▶ _WORK TO COMPLETE_
Some lines in the entries contain the word "factor". Copy all of them.

___

(* A linear map preserving the volume of every box anchored at the origin preserves
   all volumes; translation invariance reduces arbitrary boxes to anchored ones. *)
lemma measure_preserving_linear_from_boxes:
  fixes f :: "real^'n \<Rightarrow> real^'n"
  assumes lin: "linear f"
    and box: "\<And>b. (\<forall>j. 0 \<le> b$j) \<Longrightarrow> measure lebesgue (f ` cbox 0 b) = measure lebesgue (cbox 0 b)"
    and S: "S \<in> lmeasurable"
  shows "f ` S \<in> lmeasurable \<and> measure lebesgue (f ` S) = measure lebesgue S"
proof -
  have "measure lebesgue (f ` cbox a b) = 1 * measure lebesgue (cbox a b)" for a b
  proof (cases "cbox a b = {}")
    case True
    then show ?thesis by simp
  next
    case False
    then have nonneg: "\<forall>j. 0 \<le> (b - a)$j"
      by (auto simp: mem_box_cart) (meson order_trans)
    have "cbox a b = (+) a ` cbox 0 (b - a)"
      using cbox_translation[of a 0 "b - a"] by simp
    then have "measure lebesgue (f ` cbox a b) = measure lebesgue (f ` cbox 0 (b - a))"
      by (simp add: linear_image_translation[OF lin] measure_translation)
    also have "\<dots> = measure lebesgue (cbox a b)"
      using box[OF nonneg] \<open>cbox a b = _\<close> by (simp add: measure_translation)
    finally show ?thesis by simp
  qed
  from measure_linear_sufficient[OF lin S this] show ?thesis
    by simp
qed

lemma measure_cbox_cart:
  fixes a b :: "real^'n"
  assumes "\<And>j. a$j \<le> b$j"
  shows "measure lebesgue (cbox a b) = (\<Prod>j\<in>UNIV. b$j - a$j)"
proof -
  have "a \<in> cbox a b"
    using assms by (simp add: mem_box_cart)
  then have "measure lborel (cbox a b) = (\<Prod>j\<in>UNIV. b$j - a$j)"
    using content_cbox_cart[of a b] by blast
  then show ?thesis
    by simp
qed

lemma measure_swap_box:
  fixes b :: "real^'n"
  assumes "\<forall>j. 0 \<le> b$j"
  shows "measure lebesgue ((\<lambda>x. \<chi> i. x $ Transposition.transpose m n i) ` cbox 0 b)
       = measure lebesgue (cbox 0 b)"
proof -
  let ?t = "Transposition.transpose m n"
  let ?f = "\<lambda>x::real^'n. \<chi> i. x $ ?t i"
  have "?f ` cbox 0 b = cbox 0 (?f b)"
  proof
    show "?f ` cbox 0 b \<subseteq> cbox 0 (?f b)"
      by (auto simp: mem_box_cart)
    show "cbox 0 (?f b) \<subseteq> ?f ` cbox 0 b"
    proof
      fix y :: "real^'n"
      assume "y \<in> cbox 0 (?f b)"
      then have "?f y \<in> cbox 0 b"
        by (simp add: mem_box_cart) (metis transpose_involutory)
      moreover have "y = ?f (?f y)"
        by (simp add: vec_eq_iff)
      ultimately show "y \<in> ?f ` cbox 0 b"
        by blast
    qed
  qed
  moreover have "(\<Prod>j\<in>UNIV. b $ ?t j) = (\<Prod>j\<in>UNIV. b $ j)"
    using prod.permute[OF permutes_swap_id[of m UNIV n], of "\<lambda>j. b $ j"] by (simp add: comp_def)
  moreover have "measure lebesgue (cbox 0 (?f b)) = (\<Prod>j\<in>UNIV. b $ ?t j)"
    using assms by (subst measure_cbox_cart) auto
  moreover have "measure lebesgue (cbox 0 b) = (\<Prod>j\<in>UNIV. b $ j)"
    using assms by (subst measure_cbox_cart) auto
  ultimately show ?thesis
    by simp
qed

lemma measure_shear_box:
  fixes b :: "real^'n"
  assumes "m \<noteq> n" and "\<forall>j. 0 \<le> b$j"
  shows "measure lebesgue ((\<lambda>x. \<chi> i. if i = m then x$m + x$n else x$i) ` cbox 0 b)
       = measure lebesgue (cbox 0 b)"
proof (rule measure_shear_interval[OF \<open>m \<noteq> n\<close>])
  have "0 \<in> cbox 0 b"
    using assms by (simp add: mem_box_cart)
  then show "cbox 0 b \<noteq> {}"
    by blast
qed simp

(* Every linear map of R^n scales Lebesgue measure by a constant factor.  (The
   library's measure_linear_image identifies the factor as |det| but requires a
   wellordered index type; only the existence of the factor is needed here.)  The
   proof decomposes the map into elementary ones. *)
lemma linear_image_measure_scaling:
  fixes f :: "real^'n \<Rightarrow> real^'n"
  assumes "linear f"
  shows "\<exists>c. \<forall>S \<in> lmeasurable. f ` S \<in> lmeasurable \<and> measure lebesgue (f ` S) = c * measure lebesgue S"
proof (rule induct_linear_elementary[OF assms])
  fix f g :: "real^'n \<Rightarrow> real^'n"
  assume "\<exists>c. \<forall>S \<in> lmeasurable. f ` S \<in> lmeasurable \<and> measure lebesgue (f ` S) = c * measure lebesgue S"
    and "\<exists>c. \<forall>S \<in> lmeasurable. g ` S \<in> lmeasurable \<and> measure lebesgue (g ` S) = c * measure lebesgue S"
  then obtain c d where
    f: "\<And>S. S \<in> lmeasurable \<Longrightarrow> f ` S \<in> lmeasurable \<and> measure lebesgue (f ` S) = c * measure lebesgue S" and
    g: "\<And>S. S \<in> lmeasurable \<Longrightarrow> g ` S \<in> lmeasurable \<and> measure lebesgue (g ` S) = d * measure lebesgue S"
    by blast
  have "(f \<circ> g) ` S \<in> lmeasurable \<and> measure lebesgue ((f \<circ> g) ` S) = (c * d) * measure lebesgue S"
    if "S \<in> lmeasurable" for S
    using f[of "g ` S"] g[OF that] by (simp add: image_image mult.assoc)
  then show "\<exists>c. \<forall>S \<in> lmeasurable. (f \<circ> g) ` S \<in> lmeasurable \<and> measure lebesgue ((f \<circ> g) ` S) = c * measure lebesgue S"
    by blast
next
  fix f :: "real^'n \<Rightarrow> real^'n" and i
  assume "linear f" and "\<And>x. f x $ i = 0"
  then have "\<not> inj f"
    by (metis linear_injective_imp_surjective one_neq_zero surjE vec_component)
  then have "negligible (f ` S)" for S
    using negligible_linear_singular_image[OF \<open>linear f\<close>] by blast
  then show "\<exists>c. \<forall>S \<in> lmeasurable. f ` S \<in> lmeasurable \<and> measure lebesgue (f ` S) = c * measure lebesgue S"
    by (intro exI[of _ 0]) (simp add: negligible_iff_measure)
next
  fix c :: "'n \<Rightarrow> real"
  show "\<exists>d. \<forall>S \<in> lmeasurable. (\<lambda>x. \<chi> i. c i * x$i) ` S \<in> lmeasurable
          \<and> measure lebesgue ((\<lambda>x. \<chi> i. c i * x$i) ` S) = d * measure lebesgue S"
    by (intro exI[of _ "\<bar>prod c UNIV\<bar>"]) (simp add: measurable_stretch measure_stretch)
next
  fix m n :: 'n
  let ?f = "\<lambda>x::real^'n. \<chi> i. x $ Transposition.transpose m n i"
  have "linear ?f"
    by (rule linearI) (simp_all add: plus_vec_def scaleR_vec_def)
  from measure_preserving_linear_from_boxes[OF this measure_swap_box]
  show "\<exists>c. \<forall>S \<in> lmeasurable. ?f ` S \<in> lmeasurable \<and> measure lebesgue (?f ` S) = c * measure lebesgue S"
    by (intro exI[of _ 1]) simp
next
  fix m n :: 'n
  assume "m \<noteq> n"
  let ?f = "\<lambda>x::real^'n. \<chi> i. if i = m then x$m + x$n else x$i"
  have "linear ?f"
    by (rule linearI) (auto simp: plus_vec_def scaleR_vec_def algebra_simps)
  from measure_preserving_linear_from_boxes[OF this measure_shear_box[OF \<open>m \<noteq> n\<close>]]
  show "\<exists>c. \<forall>S \<in> lmeasurable. ?f ` S \<in> lmeasurable \<and> measure lebesgue (?f ` S) = c * measure lebesgue S"
    by (intro exI[of _ 1]) simp
qed
(* Let $f:\mathbb{R}^n\to\mathbb{R}$ be a continuously differentiable convex function. Let $H$ be a diagonal matrix with nonnegative diagonal entries such that $f(y)\le f(x)+\nabla f(x)^T(y-x)+\tfrac12\|y-x\|_H^2$ for all $x,y\in\mathbb{R}^n$, and let $D$ be a diagonal matrix with $D\succ H$. Let $(x_k)$ be a sequence generated by the IWHT method with $D$, and assume $(x_k)$ has a limit point $\bar x$. Then the entire sequence $(x_k)$ converges to $\bar x$.
   Context: $\|z\|_A^2=z^TAz$. $C_s=\{x\in\mathbb{R}^n:\|x\|_0\le s\}$ for a positive integer $s$, where $\|x\|_0$ is the number of nonzero entries. $\mathcal{P}_{C_s}(z)=\operatorname{argmin}_{y\in C_s}\|y-z\|_2^2$ (set-valued). IWHT with diagonal $D\succ0$: start from $x_0\in C_s$; for $k\ge0$ pick $y_{k+1}\in\mathcal{P}_{C_s}\big(D^{1/2}x_k-D^{-1/2}\nabla f(x_k)\big)$ and set $x_{k+1}=D^{-1/2}y_{k+1}$. *)

theory Defs
  imports "HOL-Analysis.Analysis"
begin

definition is_diag :: "real^'n^'n \<Rightarrow> bool" where
  "is_diag A \<longleftrightarrow> (\<forall>i j. i \<noteq> j \<longrightarrow> A$i$j = 0)"

definition qnorm2 :: "real^'n^'n \<Rightarrow> real^'n \<Rightarrow> real" where
  "qnorm2 A z = z \<bullet> (A *v z)"

text \<open>Positive definiteness (Loewner order A \<succ> B means A - B positive definite).\<close>
definition pos_def :: "real^'n^'n \<Rightarrow> bool" where
  "pos_def A \<longleftrightarrow> (\<forall>z. z \<noteq> 0 \<longrightarrow> z \<bullet> (A *v z) > 0)"

definition diag_sqrt :: "real^'n^'n \<Rightarrow> real^'n^'n" where
  "diag_sqrt D = (\<chi> i j. if i = j then sqrt (D$i$i) else 0)"

definition diag_inv_sqrt :: "real^'n^'n \<Rightarrow> real^'n^'n" where
  "diag_inv_sqrt D = (\<chi> i j. if i = j then 1 / sqrt (D$i$i) else 0)"

definition l0 :: "real^'n \<Rightarrow> nat" where
  "l0 x = card {i. x$i \<noteq> 0}"

definition sparse_set :: "nat \<Rightarrow> (real^'n) set" where
  "sparse_set s = {x. l0 x \<le> s}"

definition proj_sparse :: "nat \<Rightarrow> real^'n \<Rightarrow> (real^'n) set" where
  "proj_sparse s z = {y \<in> sparse_set s. \<forall>y' \<in> sparse_set s. (norm (y - z))^2 \<le> (norm (y' - z))^2}"

definition iwht_seq :: "nat \<Rightarrow> real^'n^'n \<Rightarrow> (real^'n \<Rightarrow> real^'n) \<Rightarrow> (nat \<Rightarrow> real^'n) \<Rightarrow> bool" where
  "iwht_seq s D g x \<longleftrightarrow> x 0 \<in> sparse_set s \<and>
     (\<forall>k. \<exists>y \<in> proj_sparse s (diag_sqrt D *v x k - diag_inv_sqrt D *v g (x k)).
            x (Suc k) = diag_inv_sqrt D *v y)"

end

theory Submission
  imports Defs
begin

(* In the coordinates y = D^(1/2) x an IWHT step projects the gradient step
   y_k - D^(-1/2) grad f(x_k) onto C_s. Convexity and the H-descent inequality give a three-point
   inequality comparing this projection with any point u. Taking u = x_k yields sufficient decrease,
   hence f(xbar) <= f(x_k) for all k. Taking u = xbar yields, since the projection keeps the
   coordinates on its support, the Fejer inequality |x_(k+1) - xbar|_D <= |x_k - xbar|_D whenever
   supp xbar lies in supp x_(k+1); it also bounds the step |x_(k+1) - x_k|_D by a multiple of
   |x_k - xbar|_D. The support condition holds as soon as x_(k+1) is close to xbar, so once the
   subsequence brings the iterates close enough to xbar, the D-distance never increases again and
   tends to 0. *)

lemma convex_on_above_tangent_has_derivative:
  fixes f :: "'a::real_normed_vector \<Rightarrow> real"
  assumes conv: "convex_on UNIV f" and deriv: "(f has_derivative f') (at c)"
  shows "f c + f' (x - c) \<le> f x"
proof -
  define h where "h t = f (c + t *\<^sub>R (x - c))" for t :: real
  have h_convex: "convex_on UNIV h"
  proof (rule convex_onI)
    fix t u v :: real
    assume "0 < t" "t < 1"
    have "c + ((1 - t) *\<^sub>R u + t *\<^sub>R v) *\<^sub>R (x - c)
        = (1 - t) *\<^sub>R (c + u *\<^sub>R (x - c)) + t *\<^sub>R (c + v *\<^sub>R (x - c))"
      by (simp add: algebra_simps)
    then show "h ((1 - t) *\<^sub>R u + t *\<^sub>R v) \<le> (1 - t) * h u + t * h v"
      unfolding h_def using convex_onD[OF conv, of t] \<open>0 < t\<close> \<open>t < 1\<close> by simp
  qed simp
  have lin: "linear f'" using deriv by (rule has_derivative_linear)
  have "((\<lambda>t. c + t *\<^sub>R (x - c)) has_derivative (\<lambda>t. t *\<^sub>R (x - c))) (at 0)"
    by (auto intro!: derivative_eq_intros)
  moreover have "(f has_derivative f') (at (c + 0 *\<^sub>R (x - c)))"
    using deriv by simp
  ultimately have "(h has_derivative (\<lambda>t. f' (t *\<^sub>R (x - c)))) (at 0)"
    unfolding h_def by (rule has_derivative_compose[unfolded o_def])
  then have "(h has_field_derivative f' (x - c)) (at 0)"
    by (simp add: has_field_derivative_def linear_scale[OF lin] mult.commute[of _ "f' (x - c)"])
  then have "f' (x - c) * (1 - 0) \<le> h 1 - h 0"
    by (intro convex_on_imp_above_tangent[OF h_convex]) auto
  then show ?thesis by (simp add: h_def)
qed

lemma is_diag_matrix_vector_mult_nth:
  assumes "is_diag A"
  shows "(A *v z) $ i = A$i$i * z$i"
proof -
  have "(A *v z) $ i = (\<Sum>j\<in>UNIV. A$i$j * z$j)"
    by (simp add: matrix_vector_mult_def)
  also have "\<dots> = (\<Sum>j\<in>UNIV. if j = i then A$i$i * z$i else 0)"
    by (rule sum.cong) (use assms in \<open>auto simp: is_diag_def\<close>)
  finally show ?thesis by simp
qed

lemma is_diag_diff: "is_diag A \<Longrightarrow> is_diag B \<Longrightarrow> is_diag (A - B)"
  by (simp add: is_diag_def)

lemma is_diag_diag_sqrt: "is_diag (diag_sqrt D)"
  by (simp add: is_diag_def diag_sqrt_def)

lemma is_diag_diag_inv_sqrt: "is_diag (diag_inv_sqrt D)"
  by (simp add: is_diag_def diag_inv_sqrt_def)

lemma diag_sqrt_mult_nth: "(diag_sqrt D *v v) $ i = sqrt (D$i$i) * v$i"
  using is_diag_matrix_vector_mult_nth[OF is_diag_diag_sqrt] by (simp add: diag_sqrt_def)

lemma diag_inv_sqrt_mult_nth: "(diag_inv_sqrt D *v v) $ i = v$i / sqrt (D$i$i)"
  using is_diag_matrix_vector_mult_nth[OF is_diag_diag_inv_sqrt] by (simp add: diag_inv_sqrt_def)

lemma qnorm2_diag: "is_diag A \<Longrightarrow> qnorm2 A z = (\<Sum>i\<in>UNIV. A$i$i * (z$i)\<^sup>2)"
  by (simp add: qnorm2_def inner_vec_def is_diag_matrix_vector_mult_nth power2_eq_square
      algebra_simps)

lemma qnorm2_diff: "qnorm2 (A - B) z = qnorm2 A z - qnorm2 B z"
  by (simp add: qnorm2_def matrix_vector_mult_diff_rdistrib inner_diff_right)

lemma qnorm2_minus_commute: "qnorm2 A (u - v) = qnorm2 A (v - u)"
  by (simp add: qnorm2_def matrix_vector_mult_diff_distrib inner_diff_left inner_diff_right
      algebra_simps)

lemma pos_def_imp_qnorm2_nonneg: "pos_def A \<Longrightarrow> 0 \<le> qnorm2 A z"
  unfolding pos_def_def qnorm2_def by (cases "z = 0") (auto intro: less_imp_le)

lemma pos_def_diag_pos:
  assumes "is_diag A" "pos_def A"
  shows "0 < A$i$i"
proof -
  have "0 < qnorm2 A (axis i 1)"
    using assms(2) by (simp add: pos_def_def qnorm2_def axis_eq_0_iff)
  also have "qnorm2 A (axis i 1) = A$i$i"
    unfolding qnorm2_diag[OF assms(1)] by (subst sum.remove[of _ i]) (auto simp: axis_def)
  finally show ?thesis .
qed

lemma pos_def_qnorm2_dominates:
  assumes A: "is_diag A" "pos_def A" and B: "is_diag B"
  obtains C where "0 < C" "\<And>z. qnorm2 B z \<le> C * qnorm2 A z"
proof
  define C where "C = 1 + (\<Sum>j\<in>UNIV. \<bar>B$j$j\<bar> / A$j$j)"
  have A_pos: "0 < A$i$i" for i by (rule pos_def_diag_pos[OF A])
  then have ratios_nonneg: "0 \<le> \<bar>B$i$i\<bar> / A$i$i" for i
    by (simp add: less_imp_le)
  then have ratio_le_sum: "\<bar>B$i$i\<bar> / A$i$i \<le> (\<Sum>j\<in>UNIV. \<bar>B$j$j\<bar> / A$j$j)" for i
    by (intro member_le_sum) auto
  have ratio_le: "\<bar>B$i$i\<bar> / A$i$i \<le> C" for i
    using ratio_le_sum[of i] unfolding C_def by linarith
  have "0 \<le> (\<Sum>j\<in>UNIV. \<bar>B$j$j\<bar> / A$j$j)"
    by (rule sum_nonneg) (rule ratios_nonneg)
  then show "0 < C"
    unfolding C_def by linarith
  fix z
  have "B$i$i \<le> C * A$i$i" for i
    using ratio_le[of i] A_pos[of i] by (simp add: pos_divide_le_eq)
  then have "(\<Sum>i\<in>UNIV. B$i$i * (z$i)\<^sup>2) \<le> (\<Sum>i\<in>UNIV. C * A$i$i * (z$i)\<^sup>2)"
    by (intro sum_mono mult_right_mono) auto
  then show "qnorm2 B z \<le> C * qnorm2 A z"
    by (simp add: qnorm2_diag A B sum_distrib_left mult.assoc)
qed

context
  fixes D :: "real^'n^'n"
  assumes D_pos: "\<And>i. 0 < D$i$i"
begin

lemma diag_inv_sqrt_diag_sqrt [simp]: "diag_inv_sqrt D *v (diag_sqrt D *v v) = v"
  using D_pos by (simp add: vec_eq_iff diag_sqrt_mult_nth diag_inv_sqrt_mult_nth
      less_imp_neq[symmetric])

lemma diag_sqrt_diag_inv_sqrt [simp]: "diag_sqrt D *v (diag_inv_sqrt D *v v) = v"
  using D_pos by (simp add: vec_eq_iff diag_sqrt_mult_nth diag_inv_sqrt_mult_nth
      less_imp_neq[symmetric])

lemma diag_sqrt_mult_nth_eq_0_iff [simp]: "(diag_sqrt D *v v) $ i = 0 \<longleftrightarrow> v$i = 0"
  using D_pos[of i] by (simp add: diag_sqrt_mult_nth)

lemma l0_diag_sqrt_mult [simp]: "l0 (diag_sqrt D *v v) = l0 v"
  by (simp add: l0_def)

lemma inner_diag_sqrt_diag_inv_sqrt: "(diag_sqrt D *v u) \<bullet> (diag_inv_sqrt D *v v) = u \<bullet> v"
  unfolding inner_vec_def
  using D_pos by (intro sum.cong) (simp_all add: diag_sqrt_mult_nth diag_inv_sqrt_mult_nth
      less_imp_neq[symmetric])

lemma norm_diag_sqrt_power2:
  assumes "is_diag D"
  shows "(norm (diag_sqrt D *v u))\<^sup>2 = qnorm2 D u"
  unfolding power2_norm_eq_inner inner_vec_def qnorm2_diag[OF assms]
  using D_pos by (intro sum.cong) (simp_all add: diag_sqrt_mult_nth power2_eq_square
      less_imp_le)

lemma norm_diag_sqrt_diff_diag_inv_sqrt_power2:
  assumes "is_diag D"
  shows "(norm (diag_sqrt D *v u - diag_inv_sqrt D *v v))\<^sup>2
    = qnorm2 D u - 2 * (u \<bullet> v) + (norm (diag_inv_sqrt D *v v))\<^sup>2"
  using dot_norm_neg[of "diag_sqrt D *v u" "diag_inv_sqrt D *v v"]
  by (simp add: inner_diag_sqrt_diag_inv_sqrt norm_diag_sqrt_power2[OF assms])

___

▶ _SOLUTION FOR THIS PROBLEM_
(* Every linear map of R^n scales Lebesgue measure by a constant factor.  (The
   library's measure_linear_image identifies the factor as |det| but requires a
   wellordered index type; only the existence of the factor is needed here.)  The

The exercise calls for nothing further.